Given records:
(* Let $N\in\mathbb N$, $p>1$, and $\mathfrak h_{p,N}(x)=\sum_{n\in\mathbb Z,\ |x-n|>N}|\mathrm{sinc}(x-n)|^p$ for $x\in\mathbb R$. (a) If $N\ge \frac1\pi\sqrt{(p+2)(1+p^{-1})}-\frac12$, then $x=1/2$ is a local maximum point of $\mathfrak h_{p,N}$. (b) If $p\le \frac18\big(9\pi^2+\sqrt{16-216\pi^2+81\pi^4}-12\big)\ (\approx 19.1019)$, then $x=1/2$ is a local maximum point of $\mathfrak h_{p,N}$ for every $N\in\mathbb N$.
   Context: $\mathrm{sinc}(x)=\frac{\sin(\pi x)}{\pi x}$ for $x\neq0$ and $\mathrm{sinc}(0)=1$. *)

theory Defs
  imports "HOL-Analysis.Analysis"
begin

definition sinc :: "real \<Rightarrow> real" where
  "sinc x = (if x = 0 then 1 else sin (pi * x) / (pi * x))"

definition hpN :: "real \<Rightarrow> nat \<Rightarrow> real \<Rightarrow> real" where
  "hpN p N x = infsum (\<lambda>n::int. \<bar>sinc (x - of_int n)\<bar> powr p) {n::int. \<bar>x - of_int n\<bar> > real N}"

definition local_max_point :: "(real \<Rightarrow> real) \<Rightarrow> real \<Rightarrow> bool" where
  "local_max_point f a \<longleftrightarrow> (\<exists>d>0. \<forall>x. \<bar>x - a\<bar> < d \<longrightarrow> f x \<le> f a)"

end

theory Submission
  imports Defs
begin

text \<open>For \<open>|t| < 1/2\<close> every summand of \<open>hpN p N (1/2 + t)\<close> has numerator \<open>cos (\<pi> t)\<close>, so
  \<open>hpN p N (1/2 + t) = (cos (\<pi> t) / \<pi>)\<^sup>p \<Sigma> |1/2 + t - n|\<^sup>-\<^sup>p\<close> over the fixed index set
  \<open>|1/2 - n| > N\<close>. The reflection \<open>n \<mapsto> 1 - n\<close> pairs the summands into
  \<open>(a + t)\<^sup>-\<^sup>p + (a - t)\<^sup>-\<^sup>p\<close> with \<open>a = |1/2 - n| \<ge> N + 1/2\<close>. To second order in \<open>t\<close>, the
  factor \<open>cos\<^sup>p (\<pi> t)\<close> loses a fraction \<open>p \<pi>\<^sup>2 t\<^sup>2 / 2\<close> while the pair gains a fraction
  \<open>p (p + 1) t\<^sup>2 / (2 a\<^sup>2)\<close>, so each weighted pair is maximal at \<open>t = 0\<close> as soon as
  \<open>p + 1 < \<pi>\<^sup>2 (N + 1/2)\<^sup>2\<close>; a derivative computation makes this exact on a neighbourhood
  of \<open>0\<close> that is uniform in \<open>a\<close>.
  Both hypotheses of the theorem imply this inequality.\<close>

lemma powr_neg_ge_tangent:
  fixes x y q :: real
  assumes "0 < y" "0 < x" "0 \<le> q"
  shows "y powr (-q) - q * y powr (-q-1) * (x - y) \<le> x powr (-q)"
proof -
  have xy: "x powr (-q) = y powr (-q) * exp (-q * ln (x/y))"
    using assms by (simp add: powr_def ln_div exp_add[symmetric] algebra_simps exp_diff exp_minus field_simps)
  have "1 - q * ln (x/y) \<le> exp (-q * ln (x/y))"
    using exp_ge_add_one_self[of "-q * ln (x/y)"] by simp
  moreover have "ln (x/y) \<le> x/y - 1"
    using assms by (intro ln_le_minus_one) simp
  hence "1 - q * (x/y - 1) \<le> 1 - q * ln (x/y)"
    using assms(3) by (simp add: mult_left_mono)
  ultimately have "y powr (-q) * (1 - q * (x/y - 1)) \<le> x powr (-q)"
    unfolding xy by (intro mult_left_mono) auto
  moreover have "y powr (-q-1) = y powr (-q) / y"
    using assms by (simp add: powr_diff)
  then have "y powr (-q) * (1 - q * (x/y - 1)) = y powr (-q) - q * y powr (-q-1) * (x - y)"
    using assms by (simp add: field_simps)
  ultimately show ?thesis
    by simp
qed

lemma x_cos_le_sin:
  fixes x :: real
  assumes "0 \<le> x" "x \<le> pi"
  shows "x * cos x \<le> sin x"
proof -
  have "(\<lambda>u. sin u - u * cos u) 0 \<le> (\<lambda>u. sin u - u * cos u) x"
  proof (rule DERIV_nonneg_imp_nondecreasing[OF assms(1)])
    fix u assume u: "0 \<le> u" "u \<le> x"
    have "((\<lambda>u. sin u - u * cos u) has_real_derivative u * sin u) (at u)"
      by (rule derivative_eq_intros refl | simp)+
    moreover have "0 \<le> u * sin u"
      using u assms by (auto intro!: mult_nonneg_nonneg sin_ge_zero)
    ultimately show "\<exists>y. ((\<lambda>u. sin u - u * cos u) has_real_derivative y) (at u) \<and> 0 \<le> y"
      by blast
  qed
  thus ?thesis by simp
qed

lemma cos_pi_gt_zero:
  assumes "\<bar>t\<bar> < 1/2"
  shows "cos (pi * t) > 0"
proof (rule cos_gt_zero_pi)
  have "pi * \<bar>t\<bar> < pi * (1/2)"
    using assms by (intro mult_strict_left_mono) auto
  then have "\<bar>pi * t\<bar> < pi / 2"
    by (simp add: abs_mult)
  then show "- (pi / 2) < pi * t" "pi * t < pi / 2"
    by linarith+
qed

definition cos_powr_pair :: "real \<Rightarrow> real \<Rightarrow> real \<Rightarrow> real" where
  "cos_powr_pair p a s = cos (pi * s) powr p * ((a + s) powr (-p) + (a - s) powr (-p))"

text \<open>\<open>pair_curvature p a s = (p + 1) (a - s)\<^sup>-\<^sup>p\<^sup>-\<^sup>2 / a\<^sup>-\<^sup>p\<close>; the derivative of \<open>cos_powr_pair p a\<close>
  is \<open>\<le> 0\<close> at \<open>s\<close> as long as it is at most \<open>\<pi>\<^sup>2\<close>. At \<open>s = 0\<close> it is the threshold \<open>(p + 1) / a\<^sup>2\<close>.\<close>

definition pair_curvature :: "real \<Rightarrow> real \<Rightarrow> real \<Rightarrow> real" where
  "pair_curvature p a s = (p + 1) * (a / (a - s)) powr p / (a - s)^2"

lemma cos_powr_pair_minus [simp]: "cos_powr_pair p a (-s) = cos_powr_pair p a s"
  by (simp add: cos_powr_pair_def)

lemma cos_powr_pair_0 [simp]: "cos_powr_pair p a 0 = 2 * a powr (-p)"
  by (simp add: cos_powr_pair_def)

lemma cos_powr_pair_has_derivative:
  assumes "cos (pi * s) > 0" "\<bar>s\<bar> < a"
  shows "(cos_powr_pair p a has_real_derivative
     p * cos (pi * s) powr (p-1) *
       (cos (pi * s) * ((a - s) powr (-p-1) - (a + s) powr (-p-1))
        - pi * sin (pi * s) * ((a + s) powr (-p) + (a - s) powr (-p)))) (at s)"
proof -
  have pos: "a + s > 0" "a - s > 0"
    using assms(2) by auto
  have "((\<lambda>s. cos (pi * s)) has_real_derivative (-(sin (pi * s) * pi))) (at s)"
       "((\<lambda>s. a + s) has_real_derivative 1) (at s)"
       "((\<lambda>s. a - s) has_real_derivative -1) (at s)"
    by (auto intro!: derivative_eq_intros)
  note D = DERIV_mult[OF DERIV_fun_powr[OF this(1) assms(1), of p]
             DERIV_add[OF DERIV_fun_powr[OF this(2) pos(1), of "-p"]
                          DERIV_fun_powr[OF this(3) pos(2), of "-p"]]]
  have cos_split: "cos (pi * s) powr p = cos (pi * s) powr (p-1) * cos (pi * s)"
    using assms(1) by (simp add: powr_diff)
  show ?thesis
    unfolding cos_powr_pair_def
    by (rule DERIV_cong[OF D]) (simp add: cos_split algebra_simps)
qed

lemma cos_powr_pair_deriv_factor_nonpos:
  fixes p a s :: real
  assumes "0 \<le> p" "0 \<le> s" "s < 1/2" "s < a"
    and curv: "pair_curvature p a s \<le> pi^2"
  shows "cos (pi * s) * ((a - s) powr (-p-1) - (a + s) powr (-p-1))
           - pi * sin (pi * s) * ((a + s) powr (-p) + (a - s) powr (-p)) \<le> 0"
proof -
  define c where "c = cos (pi * s)"
  have a: "a > 0" "a + s > 0" "a - s > 0"
    using assms by auto
  have c: "c > 0"
    unfolding c_def using assms by (intro cos_pi_gt_zero) auto
  have sin_ge: "pi * s * c \<le> sin (pi * s)"
    unfolding c_def using assms by (intro x_cos_le_sin) auto
  have pair_ge: "2 * a powr (-p) \<le> (a + s) powr (-p) + (a - s) powr (-p)"
    using powr_neg_ge_tangent[of a "a + s" p] powr_neg_ge_tangent[of a "a - s" p] a assms(1)
    by simp
  have "-(p+1) = -p-1" and "-(p+1)-1 = -p-2"
    by simp_all
  note tangent = powr_neg_ge_tangent[of "a - s" "a + s" "p + 1", unfolded this]
  have diff_le: "(a - s) powr (-p-1) - (a + s) powr (-p-1) \<le> (p+1) * (2 * s) * (a - s) powr (-p-2)"
    using tangent a assms(1) by (simp add: algebra_simps)
  have "(p+1) * (a - s) powr (-p-2) = a powr (-p) * pair_curvature p a s"
    using a by (simp add: pair_curvature_def powr_divide powr_diff powr_minus field_simps)
  also have "\<dots> \<le> a powr (-p) * pi^2"
    using curv by (intro mult_left_mono) auto
  finally have curv': "(p+1) * (a - s) powr (-p-2) \<le> a powr (-p) * pi^2" .
  have "c * ((a - s) powr (-p-1) - (a + s) powr (-p-1)) \<le> c * (2 * s) * ((p+1) * (a - s) powr (-p-2))"
    using mult_left_mono[OF diff_le, of c] c by (simp add: algebra_simps)
  also have "\<dots> \<le> c * (2 * s) * (a powr (-p) * pi^2)"
    using curv' c assms(2) by (intro mult_left_mono) auto
  also have "\<dots> = (pi * s * c) * pi * (2 * a powr (-p))"
    by (simp add: algebra_simps power2_eq_square)
  also have "\<dots> \<le> (pi * s * c) * pi * ((a + s) powr (-p) + (a - s) powr (-p))"
    using pair_ge c assms(2) by (intro mult_left_mono) auto
  also have "\<dots> \<le> sin (pi * s) * pi * ((a + s) powr (-p) + (a - s) powr (-p))"
    using sin_ge by (intro mult_right_mono) auto
  finally show ?thesis
    unfolding c_def by (simp add: algebra_simps)
qed
lemma sum_power_card_Diff_hit_le:
  fixes q :: real
  assumes "S \<subseteq> {1..k}" "k \<ge> 1" "0 \<le> q" "q \<le> 1"
  shows "(\<Sum>y\<in>{1..k} \<times> {1..k}. q ^ card (S - (if fst y = t then {snd y} else {})))
           \<le> real k ^ 2 * (q + (1 - q) / real k ^ 2) ^ card S"
proof -
  define K where "K = {1..k}"
  define s where "s = card S"
  have finS: "finite S" using assms(1) finite_subset by blast
  have summand: "q ^ card (S - (if fst y = t then {snd y} else {}))
      = q ^ s + (if y \<in> {t} \<times> S then q ^ (s - 1) - q ^ s else 0)" for y
    using finS by (cases y) (auto simp: s_def)
  have "(\<Sum>y\<in>K \<times> K. q ^ card (S - (if fst y = t then {snd y} else {})))
      = real k ^ 2 * q ^ s + real (card ((K \<times> K) \<inter> ({t} \<times> S))) * (q ^ (s - 1) - q ^ s)"
    unfolding summand by (simp add: sum.distrib sum.inter_restrict[symmetric] K_def card_cartesian_product power2_eq_square)
  also have "\<dots> \<le> real k ^ 2 * q ^ s + real s * (q ^ (s - 1) - q ^ s)"
  proof -
    have "card ((K \<times> K) \<inter> ({t} \<times> S)) \<le> card ({t} \<times> S)"
      using finS by (intro card_mono) auto
    moreover have "q ^ s \<le> q ^ (s - 1)"
      using assms(3,4) by (intro power_decreasing) auto
    ultimately show ?thesis
      by (intro add_left_mono mult_right_mono) (auto simp: s_def card_cartesian_product)
  qed
  also have "\<dots> = real k ^ 2 * (q ^ s + real s * q ^ (s - 1) * ((1 - q) / real k ^ 2))"
    using assms(2) by (cases s) (simp_all add: field_simps)
  also have "\<dots> \<le> real k ^ 2 * (q + (1 - q) / real k ^ 2) ^ s"
    using assms(3,4) by (intro mult_left_mono power_add_ge_linear_term) auto
  finally show ?thesis unfolding K_def s_def .
qed
(* Let $(X,\mathrm{dist})$ be a metric space, $\Sigma$ a metric space, and $\{U_\sigma(t,\tau)\}_{\sigma\in\Sigma}$ a family of processes on $X$. If the family is uniformly asymptotically compact, then it possesses the uniform global attractor $A_\Sigma$, and $A_\Sigma=A^\star_\Sigma$.
   Context: A process on $X$ is a family of maps $U(t,\tau):X\to X$, indexed by reals $t\ge\tau$, with $U(\tau,\tau)=\mathrm{id}_X$ and $U(t,\tau)=U(t,s)U(s,\tau)$ for $t\ge s\ge\tau$; no continuity is assumed. For nonempty $B,C\subset X$, $\delta_X(B,C)=\sup_{x\in B}\inf_{\xi\in C}\mathrm{dist}(x,\xi)$. A set $K\subset X$ is uniformly attracting if for every bounded $C\subset X$, $\lim_{t-\tau\to\infty}\sup_{\sigma\in\Sigma}\delta_X(U_\sigma(t,\tau)C,K)=0$. The family is uniformly asymptotically compact if there exists a compact uniformly attracting set. A compact set $A_\Sigma\subset X$ is the uniform global attractor of the family if it is uniformly attracting and is contained in every compact uniformly attracting set. $\mathfrak{C}_\Sigma$ is the collection of all sequences $y_n=U_{\sigma_n}(t_n,\tau_n)x_n$ with $x_n$ a bounded sequence in $X$, $\sigma_n\in\Sigma$, $t_n-\tau_n\to\infty$, and $A^\star_\Sigma=\{x\in X: y_n\to x$ along a subsequence, for some $y_n\in\mathfrak{C}_\Sigma\}$. *)

theory Defs
  imports "HOL-Analysis.Analysis"
begin

text \<open>A process on X: U(t,tau) for t >= tau, with U(tau,tau) = id and the cocycle law.
  No continuity is assumed. Values for t < tau are irrelevant.\<close>
definition is_process :: "(real \<Rightarrow> real \<Rightarrow> 'a \<Rightarrow> 'a) \<Rightarrow> bool" where
  "is_process U \<longleftrightarrow>
     (\<forall>\<tau>. U \<tau> \<tau> = id) \<and>
     (\<forall>t s \<tau>. \<tau> \<le> s \<and> s \<le> t \<longrightarrow> U t \<tau> = U t s \<circ> U s \<tau>)"

definition hsemidist :: "'a::metric_space set \<Rightarrow> 'a set \<Rightarrow> ereal" where
  "hsemidist B C = (SUP x\<in>B. INF \<xi>\<in>C. ereal (dist x \<xi>))"

definition uniformly_attracting ::
  "('s \<Rightarrow> real \<Rightarrow> real \<Rightarrow> 'a::metric_space \<Rightarrow> 'a) \<Rightarrow> 'a set \<Rightarrow> bool" where
  "uniformly_attracting U K \<longleftrightarrow>
     (\<forall>C. bounded C \<longrightarrow>
        (\<forall>e>0. \<exists>T. \<forall>t \<tau>. t - \<tau> \<ge> T \<longrightarrow>
            (SUP \<sigma>. hsemidist (U \<sigma> t \<tau> ` C) K) \<le> ereal e))"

Task statement:
Lines holding "shows": copy each one from the records above.

Solved exercise:
  shows "y powr (-q) - q * y powr (-q-1) * (x - y) \<le> x powr (-q)"
  shows "x * cos x \<le> sin x"
  shows "cos (pi * t) > 0"
  shows "(cos_powr_pair p a has_real_derivative
  shows "cos (pi * s) * ((a - s) powr (-p-1) - (a + s) powr (-p-1))
  shows "(\<Sum>y\<in>{1..k} \<times> {1..k}. q ^ card (S - (if fst y = t then {snd y} else {})))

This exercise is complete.